• **Task statement**
Where does the word "intv" occur in the entries below? Copy every line that has it.

(Data items)
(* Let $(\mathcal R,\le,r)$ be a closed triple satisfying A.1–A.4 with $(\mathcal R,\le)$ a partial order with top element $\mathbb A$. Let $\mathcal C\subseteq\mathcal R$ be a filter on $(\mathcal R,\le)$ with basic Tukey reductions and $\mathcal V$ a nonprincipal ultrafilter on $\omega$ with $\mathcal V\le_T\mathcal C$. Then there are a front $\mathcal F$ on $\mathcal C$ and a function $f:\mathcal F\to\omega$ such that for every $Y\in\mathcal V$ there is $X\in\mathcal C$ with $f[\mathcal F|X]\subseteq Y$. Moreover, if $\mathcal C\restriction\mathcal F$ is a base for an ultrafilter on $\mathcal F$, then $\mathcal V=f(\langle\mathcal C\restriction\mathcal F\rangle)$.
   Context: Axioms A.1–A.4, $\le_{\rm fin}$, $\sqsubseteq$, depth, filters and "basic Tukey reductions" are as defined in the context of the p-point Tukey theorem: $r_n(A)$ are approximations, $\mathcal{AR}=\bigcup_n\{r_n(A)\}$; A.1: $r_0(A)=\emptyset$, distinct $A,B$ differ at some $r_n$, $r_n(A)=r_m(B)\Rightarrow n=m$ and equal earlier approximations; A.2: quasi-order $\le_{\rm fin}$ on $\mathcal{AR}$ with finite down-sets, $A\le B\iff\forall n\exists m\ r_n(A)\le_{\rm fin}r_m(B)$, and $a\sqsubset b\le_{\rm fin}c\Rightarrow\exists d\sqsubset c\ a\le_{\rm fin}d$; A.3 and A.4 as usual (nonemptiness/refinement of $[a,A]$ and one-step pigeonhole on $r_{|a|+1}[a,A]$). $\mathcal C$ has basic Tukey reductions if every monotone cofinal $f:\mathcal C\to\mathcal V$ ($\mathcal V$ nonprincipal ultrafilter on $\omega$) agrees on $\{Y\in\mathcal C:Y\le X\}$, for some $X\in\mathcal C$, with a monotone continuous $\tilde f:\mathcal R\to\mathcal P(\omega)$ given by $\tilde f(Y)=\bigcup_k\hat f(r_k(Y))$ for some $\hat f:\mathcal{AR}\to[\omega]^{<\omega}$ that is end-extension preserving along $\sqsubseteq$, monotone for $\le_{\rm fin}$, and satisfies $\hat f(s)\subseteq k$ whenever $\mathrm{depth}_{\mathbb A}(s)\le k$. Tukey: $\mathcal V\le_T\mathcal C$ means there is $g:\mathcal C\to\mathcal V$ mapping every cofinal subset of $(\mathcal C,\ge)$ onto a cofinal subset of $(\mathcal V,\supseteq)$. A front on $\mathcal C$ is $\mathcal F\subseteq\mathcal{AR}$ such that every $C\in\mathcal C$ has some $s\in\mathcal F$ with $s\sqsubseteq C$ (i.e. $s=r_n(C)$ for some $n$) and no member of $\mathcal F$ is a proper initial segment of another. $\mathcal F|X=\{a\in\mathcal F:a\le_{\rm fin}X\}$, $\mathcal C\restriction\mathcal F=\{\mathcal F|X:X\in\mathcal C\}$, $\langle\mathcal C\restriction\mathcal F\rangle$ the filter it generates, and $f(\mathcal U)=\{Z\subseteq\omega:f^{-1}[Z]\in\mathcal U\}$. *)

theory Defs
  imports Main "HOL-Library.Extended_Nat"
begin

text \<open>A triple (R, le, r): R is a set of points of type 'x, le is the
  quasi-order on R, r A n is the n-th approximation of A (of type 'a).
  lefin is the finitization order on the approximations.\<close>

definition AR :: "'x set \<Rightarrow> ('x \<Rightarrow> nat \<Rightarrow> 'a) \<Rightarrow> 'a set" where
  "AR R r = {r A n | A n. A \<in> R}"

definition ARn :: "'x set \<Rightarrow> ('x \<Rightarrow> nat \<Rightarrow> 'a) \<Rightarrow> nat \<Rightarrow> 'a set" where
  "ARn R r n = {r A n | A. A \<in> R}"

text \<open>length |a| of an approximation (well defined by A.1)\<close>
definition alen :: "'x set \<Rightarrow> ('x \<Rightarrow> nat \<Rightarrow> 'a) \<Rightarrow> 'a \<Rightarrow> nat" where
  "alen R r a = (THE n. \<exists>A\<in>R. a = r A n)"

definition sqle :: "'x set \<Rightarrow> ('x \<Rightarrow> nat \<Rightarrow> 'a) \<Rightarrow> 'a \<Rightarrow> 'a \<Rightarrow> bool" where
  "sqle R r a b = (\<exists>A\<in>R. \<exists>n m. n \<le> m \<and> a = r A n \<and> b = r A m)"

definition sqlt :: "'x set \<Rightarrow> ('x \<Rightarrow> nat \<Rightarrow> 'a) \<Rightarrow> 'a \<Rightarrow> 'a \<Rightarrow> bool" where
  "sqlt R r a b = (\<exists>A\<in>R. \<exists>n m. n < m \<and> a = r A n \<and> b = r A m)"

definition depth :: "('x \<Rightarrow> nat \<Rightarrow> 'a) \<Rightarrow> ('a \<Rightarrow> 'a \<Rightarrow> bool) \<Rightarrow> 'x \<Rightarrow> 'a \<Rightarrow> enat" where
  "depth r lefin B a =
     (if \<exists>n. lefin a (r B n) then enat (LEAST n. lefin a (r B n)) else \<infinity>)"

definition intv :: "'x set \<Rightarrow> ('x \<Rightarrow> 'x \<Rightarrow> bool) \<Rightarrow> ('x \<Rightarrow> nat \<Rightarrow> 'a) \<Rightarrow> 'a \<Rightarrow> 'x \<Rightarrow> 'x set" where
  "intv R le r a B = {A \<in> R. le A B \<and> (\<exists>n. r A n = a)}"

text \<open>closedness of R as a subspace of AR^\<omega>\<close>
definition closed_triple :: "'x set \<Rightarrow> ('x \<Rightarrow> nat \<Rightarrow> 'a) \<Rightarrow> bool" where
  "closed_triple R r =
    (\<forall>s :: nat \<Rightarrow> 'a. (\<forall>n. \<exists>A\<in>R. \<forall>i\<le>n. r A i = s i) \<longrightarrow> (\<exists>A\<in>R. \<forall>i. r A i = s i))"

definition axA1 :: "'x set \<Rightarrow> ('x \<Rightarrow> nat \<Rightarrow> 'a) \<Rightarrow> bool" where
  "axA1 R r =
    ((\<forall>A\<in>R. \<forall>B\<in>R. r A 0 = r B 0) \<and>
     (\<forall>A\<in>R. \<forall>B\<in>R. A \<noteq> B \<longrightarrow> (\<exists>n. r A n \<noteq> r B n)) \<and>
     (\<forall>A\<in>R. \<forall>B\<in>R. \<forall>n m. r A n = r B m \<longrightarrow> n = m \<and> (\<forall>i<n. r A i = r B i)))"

• **Written reply**
definition intv :: "'x set \<Rightarrow> ('x \<Rightarrow> 'x \<Rightarrow> bool) \<Rightarrow> ('x \<Rightarrow> nat \<Rightarrow> 'a) \<Rightarrow> 'a \<Rightarrow> 'x \<Rightarrow> 'x set" where
  "intv R le r a B = {A \<in> R. le A B \<and> (\<exists>n. r A n = a)}"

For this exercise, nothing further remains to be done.